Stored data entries
--- --- ---

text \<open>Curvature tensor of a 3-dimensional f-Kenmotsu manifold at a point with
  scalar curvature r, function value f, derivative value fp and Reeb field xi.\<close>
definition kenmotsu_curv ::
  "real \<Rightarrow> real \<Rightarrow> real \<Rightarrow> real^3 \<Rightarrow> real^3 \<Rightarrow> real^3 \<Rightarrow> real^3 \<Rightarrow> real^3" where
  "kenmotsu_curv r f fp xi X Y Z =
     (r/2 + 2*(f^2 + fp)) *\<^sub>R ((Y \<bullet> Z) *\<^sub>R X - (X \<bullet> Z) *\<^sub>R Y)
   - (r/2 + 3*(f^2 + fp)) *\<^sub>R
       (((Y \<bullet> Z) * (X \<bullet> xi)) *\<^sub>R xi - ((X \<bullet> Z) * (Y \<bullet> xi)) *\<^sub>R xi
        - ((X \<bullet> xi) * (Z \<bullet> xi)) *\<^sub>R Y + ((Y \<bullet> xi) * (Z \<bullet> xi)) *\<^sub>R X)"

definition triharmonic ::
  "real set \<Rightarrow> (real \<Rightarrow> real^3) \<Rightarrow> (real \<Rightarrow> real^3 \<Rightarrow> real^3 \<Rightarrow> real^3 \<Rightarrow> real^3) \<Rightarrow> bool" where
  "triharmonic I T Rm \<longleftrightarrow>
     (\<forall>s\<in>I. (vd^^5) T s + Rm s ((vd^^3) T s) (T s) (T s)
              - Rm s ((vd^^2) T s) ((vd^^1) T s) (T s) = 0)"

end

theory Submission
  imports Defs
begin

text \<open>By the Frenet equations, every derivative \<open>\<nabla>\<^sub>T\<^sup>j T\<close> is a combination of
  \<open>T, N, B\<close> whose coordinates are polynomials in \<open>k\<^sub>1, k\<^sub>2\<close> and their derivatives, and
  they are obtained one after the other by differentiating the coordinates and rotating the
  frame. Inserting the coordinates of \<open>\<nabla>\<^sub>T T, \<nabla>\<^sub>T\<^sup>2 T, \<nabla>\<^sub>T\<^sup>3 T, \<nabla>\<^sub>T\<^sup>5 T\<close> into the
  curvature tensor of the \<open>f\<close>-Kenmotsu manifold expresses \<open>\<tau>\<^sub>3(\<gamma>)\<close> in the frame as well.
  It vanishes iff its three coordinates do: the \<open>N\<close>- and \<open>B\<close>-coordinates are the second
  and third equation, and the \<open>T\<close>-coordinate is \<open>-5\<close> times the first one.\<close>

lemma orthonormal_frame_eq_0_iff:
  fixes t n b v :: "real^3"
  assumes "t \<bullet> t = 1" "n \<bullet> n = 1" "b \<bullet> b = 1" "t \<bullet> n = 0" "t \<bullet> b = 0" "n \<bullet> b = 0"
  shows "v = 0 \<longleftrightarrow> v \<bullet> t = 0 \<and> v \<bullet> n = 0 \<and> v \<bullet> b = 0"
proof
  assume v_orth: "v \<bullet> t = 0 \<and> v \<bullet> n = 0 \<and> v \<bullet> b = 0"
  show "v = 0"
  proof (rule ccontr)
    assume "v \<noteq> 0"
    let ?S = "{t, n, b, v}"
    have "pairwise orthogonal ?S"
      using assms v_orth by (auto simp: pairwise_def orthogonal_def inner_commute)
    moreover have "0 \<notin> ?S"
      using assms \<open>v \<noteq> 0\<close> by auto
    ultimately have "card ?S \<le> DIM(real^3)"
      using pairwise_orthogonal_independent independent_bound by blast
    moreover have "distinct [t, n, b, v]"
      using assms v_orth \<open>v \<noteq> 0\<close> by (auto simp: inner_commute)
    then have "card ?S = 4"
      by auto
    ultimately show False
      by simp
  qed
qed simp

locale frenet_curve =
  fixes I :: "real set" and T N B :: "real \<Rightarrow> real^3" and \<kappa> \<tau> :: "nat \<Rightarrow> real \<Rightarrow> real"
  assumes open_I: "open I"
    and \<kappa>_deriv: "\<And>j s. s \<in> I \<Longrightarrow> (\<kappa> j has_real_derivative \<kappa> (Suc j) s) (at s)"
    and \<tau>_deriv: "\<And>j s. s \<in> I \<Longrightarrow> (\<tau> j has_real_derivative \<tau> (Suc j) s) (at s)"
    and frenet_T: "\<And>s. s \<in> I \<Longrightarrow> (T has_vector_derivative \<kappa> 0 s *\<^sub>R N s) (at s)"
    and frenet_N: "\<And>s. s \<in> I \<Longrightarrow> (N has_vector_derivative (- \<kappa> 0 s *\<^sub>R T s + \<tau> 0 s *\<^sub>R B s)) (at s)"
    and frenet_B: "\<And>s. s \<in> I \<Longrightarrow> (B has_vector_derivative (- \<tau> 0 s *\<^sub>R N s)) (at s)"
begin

--- --- ---

Count every line above that holds the word "assumes", and state the number and nothing more.

Result of the task
2